Maar voordat ik mijn zin af kon maken, begon het paleis de schudden. Alsof er een aardbeving uitgebroken was, rammelden de stenen van de muren tegen elkaar, brokkelden ze af. Mijn woorden vergingen mee in het stof dat door de brokken veroorzaakt werd, en moed zonk me in de schoenen toen er glinsterende, donkere schaduwen uit de muren kropen. Ze verzamelden zich op de grond en kropen vervolgens als een dikke laag mist tussen de voeten van de gasten door.

Vrouwen begonnen te gillen, kinderen begonnen te huilen en mannen grepen naar hun zwaarden.

De Wachten waren gestopt met lopen en staarde nu ook verbaasd naar de olieachtige substantie die zich rond hun enkels wikkelde. 'Wel alle sterren nog aan toe,' fluisterde de linker. Ik trok mezelf gauw los uit hun armen. De een deed nog aanstalten om me weer vast te pakken, maar Reginald - die nu met zijn mond half open van mij naar de schaduwen staarde - sloeg zijn hand weg.

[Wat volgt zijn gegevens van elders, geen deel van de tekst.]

lemma F_red_eq_linear:
  assumes "q \<noteq> 1" "G q n \<noteq> 0"
  shows "F_red q n = -4*(1-R)^2*b1*(1-q)*(n - m q) / (Onum_conj q n * G q n)"
proof -
  define x u d W where "x = 1-R" and "u = 1-q" and "d = n - m q" and "W = Onum_conj q n"
  have "u \<noteq> 0" "W \<noteq> 0" using assms Onum_conj_nonzero unfolding u_def W_def by auto
  have "F_red q n = x*(G q n - 2*x*q*u)/(R*u*G q n)"
    unfolding F_red_def x_def u_def using assms R_pos by (simp add: field_simps power2_eq_square)
  also have "G q n - 2*x*q*u = -4*x*R*u^2*b1*d / W"
    using Onum_mult_conj[of q n] \<open>W \<noteq> 0\<close> unfolding x_def u_def d_def W_def by (simp add: field_simps)
  also have "x*(-4*x*R*u^2*b1*d / W)/(R*u*G q n) = -4*x^2*b1*u*d/(W*G q n)"
    using \<open>u \<noteq> 0\<close> \<open>W \<noteq> 0\<close> assms(2) R_pos by (simp add: field_simps power2_eq_square)
  finally show ?thesis unfolding x_def u_def d_def W_def .
qed

lemma F_red_eq_0_iff: "q \<noteq> 1 \<Longrightarrow> G q n \<noteq> 0 \<Longrightarrow> F_red q n = 0 \<longleftrightarrow> n = m q"
  using F_red_eq_linear[of q n] R_ne_1 b1_pos Onum_conj_nonzero[of q n] by simp

lemma Oden_eq_via_conj:
  "Oden_conj q n \<noteq> 0 \<Longrightarrow> G q n = -4*(1-R)*(1-q)*ell_gap q n / Oden_conj q n"
  using Oden_mult_conj[of q n] by (simp add: field_simps)

lemma F_red_eq_factored:
  assumes "q \<noteq> 1" "Oden_conj q n \<noteq> 0" "ell_gap q n \<noteq> 0"
  shows "F_red q n = F_factored q n"
proof -
  define x u d W C K where "x = 1-R" and "u = 1-q" and "d = n - m q" and "W = Onum_conj q n"
    and "C = Oden_conj q n" and "K = ell_gap q n"
  have nz: "x \<noteq> 0" "u \<noteq> 0" "W \<noteq> 0" "C \<noteq> 0" "K \<noteq> 0"
    using assms R_ne_1 Onum_conj_nonzero unfolding x_def u_def W_def C_def K_def by auto
  have G: "G q n = -4*x*u*K/C" using Oden_eq_via_conj[OF assms(2)] unfolding x_def u_def K_def C_def .
  then have "G q n \<noteq> 0" using nz by simp
  have "F_red q n = -4*x^2*b1*u*d/(W*(-4*x*u*K/C))"
    using F_red_eq_linear[OF assms(1) \<open>G q n \<noteq> 0\<close>] unfolding G x_def u_def d_def W_def .
  also have "\<dots> = x*b1*d*C/(W*K)" using nz by (simp add: field_simps power2_eq_square)
  finally show ?thesis unfolding F_factored_def x_def d_def C_def W_def K_def .
qed

lemma F_red_eq_ratio:
  assumes "q \<noteq> 1" "Oden_conj q n \<noteq> 0" "D q \<noteq> 0" "n \<noteq> l q"
  shows "F_red q n = ((1-R)*Oden_conj q n/(D q*Onum_conj q n)) * ((n - m q)/(n - l q))"
proof -
  define x d e W C \<delta> where "x = 1-R" and "d = n - m q" and "e = n - l q" and "W = Onum_conj q n"
    and "C = Oden_conj q n" and "\<delta> = D q"
  have nz: "W \<noteq> 0" "e \<noteq> 0" "\<delta> \<noteq> 0"
    using assms Onum_conj_nonzero unfolding W_def e_def \<delta>_def by auto
  have K: "ell_gap q n = b1*\<delta>*e" using ell_gap_eq[OF assms(3)] unfolding \<delta>_def e_def .
  then have "ell_gap q n \<noteq> 0" using nz b1_pos by simp
  have "F_red q n = x*b1*d*C/(W*(b1*\<delta>*e))"
    using F_red_eq_factored[OF assms(1,2) \<open>ell_gap q n \<noteq> 0\<close>]
    unfolding F_factored_def K x_def d_def C_def W_def .
  also have "\<dots> = (x*C/(\<delta>*W)) * (d/e)" using nz b1_pos by (simp add: field_simps)
  finally show ?thesis unfolding x_def d_def e_def C_def W_def \<delta>_def .
qed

'Maar...' begon de Wacht, maar Reginald stak zijn hand waarschuwend op.

Reginald was nog steeds een Sterrenwacht-in-opleiding, dus het feit dat deze Wacht naar hem luisterde en daarmee het bevel van zijn bijna-koning negeerde, zei best wat.

Ik knikte hem gauw een dankbare blik toe en begon toen te schreeuwen. 'Iedereen naar buiten. Nú.'

Reginald begon met me mee te schreeuwen en leidde de mensen die op de rij stoelen het dichts bij de openstaande deuren zaten naar buiten. Maar zodra een paar wezens en een begeleidende Wachter een voet over de drempel zetten, trok er een weerzinwekkende wind op en klapten de deuren dicht.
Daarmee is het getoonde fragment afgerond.